(* $\mathrm{FindWS}_\mathcal{A} \equiv_W \mathrm{Det}_\mathcal{A} \equiv_W \mathrm{C}_{\{0,1\}^\mathbb{N}}$.
   Context: Represented spaces: a represented space is $(X,\delta_X)$ with $\delta_X:\subseteq\mathbb{N}^\mathbb{N}\to X$ a partial surjection. For a partial multivalued $f:\subseteq X\rightrightarrows Y$, a realizer is a partial $F:\subseteq\mathbb{N}^\mathbb{N}\to\mathbb{N}^\mathbb{N}$ with $\delta_Y(F(p))\in f(\delta_X(p))$ whenever $\delta_X(p)\in\mathrm{dom}(f)$. Weihrauch reducibility: $f\leq_W g$ iff there are computable partial $K,H:\subseteq\mathbb{N}^\mathbb{N}\to\mathbb{N}^\mathbb{N}$ such that for every realizer $G$ of $g$, the map $p\mapsto K(\langle p, G(H(p))\rangle)$ is a realizer of $f$; $\equiv_W$ is the induced equivalence. Open subsets of $\{0,1\}^\mathbb{N}$ are named by enumerations of words $w$ with $U=\bigcup w\{0,1\}^\mathbb{N}$; closed sets are named by names of their complements; $\mathcal{A}$ denotes the closed sets with this representation. $\mathrm{C}_{\{0,1\}^\mathbb{N}}$ (closed choice) maps a nonempty closed $A\subseteq\{0,1\}^\mathbb{N}$ to any element of $A$. Games: all games use choice set $\{0,1\}$. A win/lose game has two players (player 1 and player 2), a turn function $d:\{0,1\}^*\to\{1,2\}$ (given as a lookup table), and a winning set $W\subseteq\{0,1\}^\mathbb{N}$ for player 1 (player 2 wins on the complement). A strategy profile is a function $s:\{0,1\}^*\to\{0,1\}$ (identified with an element of $\{0,1\}^\mathbb{N}$ via a computable bijection $\{0,1\}^*\cong\mathbb{N}$); player $i$'s strategy is its restriction to $d^{-1}(i)$; the induced play $p$ satisfies $p_n=s(p_{<n})$. A strategy of a player is winning if every play consistent with it is won by that player. For a represented pointclass $\Gamma$, $\mathrm{Det}_\Gamma$ takes a win/lose game whose winning set for player 1 is given by a $\Gamma$-name, and outputs any Nash equilibrium, i.e.~any strategy profile in which one of the two strategies is winning. $\mathrm{FindWS}_\Gamma$ is the restriction of $\mathrm{Det}_\Gamma$ to games in which player 1 has a winning strategy. *)

theory Defs
  imports Main "HOL-Library.Nat_Bijection"
begin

-------------------------

◆ Work task ◆
The expected result is every line above containing the string "mathcal".

◆ Written response ◆
(* $\mathrm{FindWS}_\mathcal{A} \equiv_W \mathrm{Det}_\mathcal{A} \equiv_W \mathrm{C}_{\{0,1\}^\mathbb{N}}$.
   Context: Represented spaces: a represented space is $(X,\delta_X)$ with $\delta_X:\subseteq\mathbb{N}^\mathbb{N}\to X$ a partial surjection. For a partial multivalued $f:\subseteq X\rightrightarrows Y$, a realizer is a partial $F:\subseteq\mathbb{N}^\mathbb{N}\to\mathbb{N}^\mathbb{N}$ with $\delta_Y(F(p))\in f(\delta_X(p))$ whenever $\delta_X(p)\in\mathrm{dom}(f)$. Weihrauch reducibility: $f\leq_W g$ iff there are computable partial $K,H:\subseteq\mathbb{N}^\mathbb{N}\to\mathbb{N}^\mathbb{N}$ such that for every realizer $G$ of $g$, the map $p\mapsto K(\langle p, G(H(p))\rangle)$ is a realizer of $f$; $\equiv_W$ is the induced equivalence. Open subsets of $\{0,1\}^\mathbb{N}$ are named by enumerations of words $w$ with $U=\bigcup w\{0,1\}^\mathbb{N}$; closed sets are named by names of their complements; $\mathcal{A}$ denotes the closed sets with this representation. $\mathrm{C}_{\{0,1\}^\mathbb{N}}$ (closed choice) maps a nonempty closed $A\subseteq\{0,1\}^\mathbb{N}$ to any element of $A$. Games: all games use choice set $\{0,1\}$. A win/lose game has two players (player 1 and player 2), a turn function $d:\{0,1\}^*\to\{1,2\}$ (given as a lookup table), and a winning set $W\subseteq\{0,1\}^\mathbb{N}$ for player 1 (player 2 wins on the complement). A strategy profile is a function $s:\{0,1\}^*\to\{0,1\}$ (identified with an element of $\{0,1\}^\mathbb{N}$ via a computable bijection $\{0,1\}^*\cong\mathbb{N}$); player $i$'s strategy is its restriction to $d^{-1}(i)$; the induced play $p$ satisfies $p_n=s(p_{<n})$. A strategy of a player is winning if every play consistent with it is won by that player. For a represented pointclass $\Gamma$, $\mathrm{Det}_\Gamma$ takes a win/lose game whose winning set for player 1 is given by a $\Gamma$-name, and outputs any Nash equilibrium, i.e.~any strategy profile in which one of the two strategies is winning. $\mathrm{FindWS}_\Gamma$ is the restriction of $\mathrm{Det}_\Gamma$ to games in which player 1 has a winning strategy. *)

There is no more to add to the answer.